-- PROBLEM STATEMENT --
Copy out each line of the data that holds the word "assms".

-- PROVIDED RECORDS --
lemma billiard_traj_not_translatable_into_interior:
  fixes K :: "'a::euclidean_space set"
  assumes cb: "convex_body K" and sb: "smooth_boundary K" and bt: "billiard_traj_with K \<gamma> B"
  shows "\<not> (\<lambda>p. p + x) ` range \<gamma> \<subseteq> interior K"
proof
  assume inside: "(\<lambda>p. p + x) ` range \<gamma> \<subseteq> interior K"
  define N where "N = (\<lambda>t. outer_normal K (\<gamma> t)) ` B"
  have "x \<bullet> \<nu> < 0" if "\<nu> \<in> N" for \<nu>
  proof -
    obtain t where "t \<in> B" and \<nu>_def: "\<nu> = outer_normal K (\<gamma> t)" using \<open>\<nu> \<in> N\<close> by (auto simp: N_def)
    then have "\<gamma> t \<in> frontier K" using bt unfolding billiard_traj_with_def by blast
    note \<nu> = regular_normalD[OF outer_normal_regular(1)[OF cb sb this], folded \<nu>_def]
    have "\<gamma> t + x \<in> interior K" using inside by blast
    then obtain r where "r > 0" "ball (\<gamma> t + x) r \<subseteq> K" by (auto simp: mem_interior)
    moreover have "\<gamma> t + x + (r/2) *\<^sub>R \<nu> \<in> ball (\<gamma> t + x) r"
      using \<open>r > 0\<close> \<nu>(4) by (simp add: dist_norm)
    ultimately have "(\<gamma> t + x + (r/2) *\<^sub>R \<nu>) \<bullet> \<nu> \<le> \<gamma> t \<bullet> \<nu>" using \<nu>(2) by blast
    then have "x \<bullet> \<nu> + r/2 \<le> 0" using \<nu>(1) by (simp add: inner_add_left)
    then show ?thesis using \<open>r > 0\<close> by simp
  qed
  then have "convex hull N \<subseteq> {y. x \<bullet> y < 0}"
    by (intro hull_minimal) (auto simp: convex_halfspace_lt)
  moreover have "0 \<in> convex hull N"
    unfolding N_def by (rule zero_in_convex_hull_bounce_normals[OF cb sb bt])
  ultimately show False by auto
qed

* * *

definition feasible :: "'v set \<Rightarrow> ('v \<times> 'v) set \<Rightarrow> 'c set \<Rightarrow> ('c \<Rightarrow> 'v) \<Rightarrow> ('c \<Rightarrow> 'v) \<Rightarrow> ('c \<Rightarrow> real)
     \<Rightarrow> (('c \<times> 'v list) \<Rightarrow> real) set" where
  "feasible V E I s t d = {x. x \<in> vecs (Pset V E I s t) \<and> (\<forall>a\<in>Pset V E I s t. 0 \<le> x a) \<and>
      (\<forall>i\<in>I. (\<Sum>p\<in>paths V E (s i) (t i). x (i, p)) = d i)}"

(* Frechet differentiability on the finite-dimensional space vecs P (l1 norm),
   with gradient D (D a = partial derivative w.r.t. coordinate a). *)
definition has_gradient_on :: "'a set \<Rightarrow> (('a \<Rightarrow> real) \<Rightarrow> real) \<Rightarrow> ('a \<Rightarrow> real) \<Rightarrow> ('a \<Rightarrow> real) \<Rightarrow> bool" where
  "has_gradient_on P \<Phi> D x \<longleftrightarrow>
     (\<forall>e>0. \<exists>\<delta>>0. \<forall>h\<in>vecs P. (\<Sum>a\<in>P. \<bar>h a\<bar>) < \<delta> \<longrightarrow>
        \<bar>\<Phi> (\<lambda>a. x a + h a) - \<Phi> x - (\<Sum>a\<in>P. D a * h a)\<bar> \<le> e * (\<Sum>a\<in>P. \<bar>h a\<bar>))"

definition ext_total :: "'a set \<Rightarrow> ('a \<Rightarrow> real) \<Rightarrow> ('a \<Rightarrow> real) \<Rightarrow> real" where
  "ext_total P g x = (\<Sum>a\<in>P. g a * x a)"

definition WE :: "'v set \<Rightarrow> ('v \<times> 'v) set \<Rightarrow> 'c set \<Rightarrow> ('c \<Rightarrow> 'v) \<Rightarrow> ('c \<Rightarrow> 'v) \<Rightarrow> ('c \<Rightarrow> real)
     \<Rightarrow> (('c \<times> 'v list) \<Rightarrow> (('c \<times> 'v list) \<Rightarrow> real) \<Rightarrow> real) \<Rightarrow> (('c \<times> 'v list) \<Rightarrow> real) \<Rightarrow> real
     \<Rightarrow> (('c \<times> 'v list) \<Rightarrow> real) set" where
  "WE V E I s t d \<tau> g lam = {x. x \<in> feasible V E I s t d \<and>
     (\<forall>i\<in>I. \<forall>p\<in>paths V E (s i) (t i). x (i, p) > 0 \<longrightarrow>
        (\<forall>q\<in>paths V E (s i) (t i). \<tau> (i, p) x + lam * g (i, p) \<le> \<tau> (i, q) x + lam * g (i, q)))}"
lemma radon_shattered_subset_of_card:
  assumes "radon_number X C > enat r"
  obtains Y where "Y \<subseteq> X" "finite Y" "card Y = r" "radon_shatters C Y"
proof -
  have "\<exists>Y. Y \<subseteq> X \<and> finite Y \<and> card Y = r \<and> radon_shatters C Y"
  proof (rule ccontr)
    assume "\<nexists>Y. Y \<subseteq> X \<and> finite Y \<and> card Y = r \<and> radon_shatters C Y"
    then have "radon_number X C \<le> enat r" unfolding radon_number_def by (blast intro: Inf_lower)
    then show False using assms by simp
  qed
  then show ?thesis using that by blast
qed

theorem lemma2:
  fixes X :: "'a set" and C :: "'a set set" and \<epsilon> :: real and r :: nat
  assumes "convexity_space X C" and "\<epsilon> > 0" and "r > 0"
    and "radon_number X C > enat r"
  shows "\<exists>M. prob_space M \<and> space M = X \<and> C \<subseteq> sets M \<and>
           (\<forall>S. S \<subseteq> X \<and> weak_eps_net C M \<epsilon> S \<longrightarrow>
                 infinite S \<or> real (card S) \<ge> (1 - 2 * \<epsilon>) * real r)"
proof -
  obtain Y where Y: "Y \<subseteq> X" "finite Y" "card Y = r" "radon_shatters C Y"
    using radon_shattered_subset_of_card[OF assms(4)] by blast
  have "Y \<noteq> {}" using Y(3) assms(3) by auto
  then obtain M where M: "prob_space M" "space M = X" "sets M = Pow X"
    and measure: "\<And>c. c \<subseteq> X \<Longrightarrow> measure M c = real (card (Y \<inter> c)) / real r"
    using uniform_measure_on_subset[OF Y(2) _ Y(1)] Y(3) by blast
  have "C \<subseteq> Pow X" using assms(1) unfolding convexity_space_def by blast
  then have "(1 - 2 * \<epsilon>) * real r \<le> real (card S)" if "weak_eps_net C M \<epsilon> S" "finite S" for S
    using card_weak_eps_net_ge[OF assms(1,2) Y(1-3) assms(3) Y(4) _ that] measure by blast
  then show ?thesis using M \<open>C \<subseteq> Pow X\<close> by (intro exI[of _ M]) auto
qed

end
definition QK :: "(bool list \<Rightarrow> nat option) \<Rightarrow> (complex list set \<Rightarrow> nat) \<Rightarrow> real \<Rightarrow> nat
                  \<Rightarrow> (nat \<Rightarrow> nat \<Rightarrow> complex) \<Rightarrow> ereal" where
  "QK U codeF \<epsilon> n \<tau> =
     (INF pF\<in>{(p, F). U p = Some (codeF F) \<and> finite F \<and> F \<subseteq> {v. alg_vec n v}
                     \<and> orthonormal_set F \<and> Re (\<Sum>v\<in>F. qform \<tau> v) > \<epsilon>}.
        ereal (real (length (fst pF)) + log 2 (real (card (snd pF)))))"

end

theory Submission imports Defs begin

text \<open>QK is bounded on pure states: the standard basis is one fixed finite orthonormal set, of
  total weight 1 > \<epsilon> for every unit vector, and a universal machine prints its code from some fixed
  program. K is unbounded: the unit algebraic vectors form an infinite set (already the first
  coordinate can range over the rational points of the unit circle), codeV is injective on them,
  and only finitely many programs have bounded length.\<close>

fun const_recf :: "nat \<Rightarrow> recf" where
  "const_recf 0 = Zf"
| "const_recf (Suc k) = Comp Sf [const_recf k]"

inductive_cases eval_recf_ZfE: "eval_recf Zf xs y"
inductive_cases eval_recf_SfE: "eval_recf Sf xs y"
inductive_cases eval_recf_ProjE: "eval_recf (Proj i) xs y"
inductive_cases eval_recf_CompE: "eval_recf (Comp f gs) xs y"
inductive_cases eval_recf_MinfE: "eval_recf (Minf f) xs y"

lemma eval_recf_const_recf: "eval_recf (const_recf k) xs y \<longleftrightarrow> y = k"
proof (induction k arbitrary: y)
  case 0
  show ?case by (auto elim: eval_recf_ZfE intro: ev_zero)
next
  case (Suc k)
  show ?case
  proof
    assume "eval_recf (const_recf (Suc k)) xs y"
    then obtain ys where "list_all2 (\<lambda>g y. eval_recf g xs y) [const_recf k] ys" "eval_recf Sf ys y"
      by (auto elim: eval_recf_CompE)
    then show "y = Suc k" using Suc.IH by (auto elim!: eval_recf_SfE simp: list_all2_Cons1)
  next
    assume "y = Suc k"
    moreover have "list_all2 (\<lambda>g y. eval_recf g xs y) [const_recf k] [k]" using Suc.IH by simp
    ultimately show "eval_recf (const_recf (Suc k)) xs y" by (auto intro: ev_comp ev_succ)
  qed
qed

-- YOUR RESPONSE --
    then show False using assms by simp
    using radon_shattered_subset_of_card[OF assms(4)] by blast
  have "Y \<noteq> {}" using Y(3) assms(3) by auto
  have "C \<subseteq> Pow X" using assms(1) unfolding convexity_space_def by blast
    using card_weak_eps_net_ge[OF assms(1,2) Y(1-3) assms(3) Y(4) _ that] measure by blast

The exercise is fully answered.